没发现太多异常,可能需要有更多信息 / Debug Print一下东西出来,你可以看看如下的操作是否有帮助:

  1. 关于MAX_TOKEN_LEN和ROLLOUT_BATCH_SIZE和PPO_MINI_BATCH是否进行过改动;
  2. 考虑不要用dynamic batch size的操作,这个对速度影响不太大,可以参照参照这里的信息后进行修改:https://verl.readthedocs.io/en/latest/perf/perf_tuning.html#tuning-for-dynamic-batch-size;
  3. 不确定是否跟rejection sampling有关,如果上述1/2没有帮助,可以考虑关掉rejection sampling;

@HongyeZhou
Copy link
Author

@hejujie 好的谢谢,我试一试

@HongyeZhou
Copy link
Author

@hejujie 你好,我在训练脚本里关闭了dynamic batch size,跑完step3后不再报之前的错误,但报了新的错,请问有什么解决思路吗?

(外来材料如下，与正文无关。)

text \<open>A zero column of (B; 2D), swapped to the last position, leaves the code generated by
  the remaining columns padded with a zero coordinate.\<close>

lemma trivial_ext_equiv_if_zero_column:
  fixes k1 k2 l n :: nat
  assumes n: "n = k1 + k2 + l" and j: "j < l" and S: "in_S k1 k2 l A B D"
    and zero: "\<forall>i<k1 + k2. stackBD k1 B D i j = 0"
  shows "\<exists>C0. is_code (n - 1) C0 \<and> has_type (n - 1) k1 k2 C0
     \<and> code_equiv n (gen_code (k1 + k2) n (Gmat k1 k2 A B D)) (trivial_ext n C0)"
proof -
  define t where "t = Transposition.transpose j (l - 1)"
  define G where "G = Gmat k1 k2 A (\<lambda>i x. B i (t x)) (\<lambda>i x. D i (t x))"
  define C0 where "C0 = gen_code (k1 + k2) (n - 1) G"
  have t: "t permutes {..<l}" unfolding t_def using j by (intro permutes_swap_id) auto
  have "code_equiv n (gen_code (k1 + k2) n (Gmat k1 k2 A B D)) (gen_code (k1 + k2) n G)"
    using code_equiv_Gmat_reorder[OF n permutes_id t, of "\<lambda>_. 1" A B D] by (simp add: G_def)
  moreover have "gen_code (k1 + k2) n G = C0"
  proof -
    have "t (l - 1) = j" by (simp add: t_def)
    then have "G i (n - 1) = 0" if "i < k1 + k2" for i
      using zero that j n by (auto simp: G_def Gmat_def stackBD_def)
    then have "gen_code (k1 + k2) n G
        = gen_code (k1 + k2) n (\<lambda>i x. if x < n - 1 then G i x else 0)"
      by (intro gen_code_cong) (metis Suc_pred' less_Suc_eq less_nat_zero_code not_gr_zero)
    then show ?thesis unfolding C0_def using gen_code_pad_zero_columns[of "n - 1" n] by simp
  qed
  moreover have "is_code (n - 1) C0" unfolding C0_def by (rule is_code_gen_code)
  moreover have "has_type (n - 1) k1 k2 C0"
  proof -
    have "in_S k1 k2 (l - 1) A (\<lambda>i x. B i (t x)) (\<lambda>i x. D i (t x))"
      using S j by (auto simp: in_S_def mat_over_def t_def transpose_def)
    then show ?thesis unfolding C0_def G_def using n j
      by (intro has_type_gen_code_Gmat) (auto simp: diff_diff_add)
  qed
  ultimately show ?thesis using trivial_ext_code by metis
qed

  File "/usr/lib/python3.10/runpy.py", line 196, in _run_module_as_main
    return _run_code(code, main_globals, None,
  File "/usr/lib/python3.10/runpy.py", line 86, in _run_code
    exec(code, run_globals)
  File "/Skywork-OR1/verl/trainer/main_ppo.py", line 147, in <module>
    main()
  File "/usr/local/lib/python3.10/dist-packages/hydra/main.py", line 94, in decorated_main
    _run_hydra(
  File "/usr/local/lib/python3.10/dist-packages/hydra/_internal/utils.py", line 394, in _run_hydra
    _run_app(
  File "/usr/local/lib/python3.10/dist-packages/hydra/_internal/utils.py", line 457, in _run_app
    run_and_report(
  File "/usr/local/lib/python3.10/dist-packages/hydra/_internal/utils.py", line 223, in run_and_report
    raise ex
  File "/usr/local/lib/python3.10/dist-packages/hydra/_internal/utils.py", line 220, in run_and_report
    return func()
  File "/usr/local/lib/python3.10/dist-packages/hydra/_internal/utils.py", line 458, in <lambda>
    lambda: hydra.run(
  File "/usr/local/lib/python3.10/dist-packages/hydra/_internal/hydra.py", line 132, in run
    _ = ret.return_value
  File "/usr/local/lib/python3.10/dist-packages/hydra/core/utils.py", line 260, in return_value
    raise self._return_value
  File "/usr/local/lib/python3.10/dist-packages/hydra/core/utils.py", line 186, in run_job
    ret.return_value = task_function(task_cfg)
  File "/Skywork-OR1/verl/trainer/main_ppo.py", line 26, in main
    run_ppo(config, code_compute_score)
  File "/Skywork-OR1/verl/trainer/main_ppo.py", line 46, in run_ppo
    ray.get(main_task.remote(config, compute_score))
  File "/usr/local/lib/python3.10/dist-packages/ray/_private/auto_init_hook.py", line 21, in auto_init_wrapper
    return fn(*args, **kwargs)
  File "/usr/local/lib/python3.10/dist-packages/ray/_private/client_mode_hook.py", line 103, in wrapper
    return func(*args, **kwargs)
  File "/usr/local/lib/python3.10/dist-packages/ray/_private/worker.py", line 2822, in get
    values, debugger_breakpoint = worker.get_objects(object_refs, timeout=timeout)
  File "/usr/local/lib/python3.10/dist-packages/ray/_private/worker.py", line 930, in get_objects
    raise value.as_instanceof_cause()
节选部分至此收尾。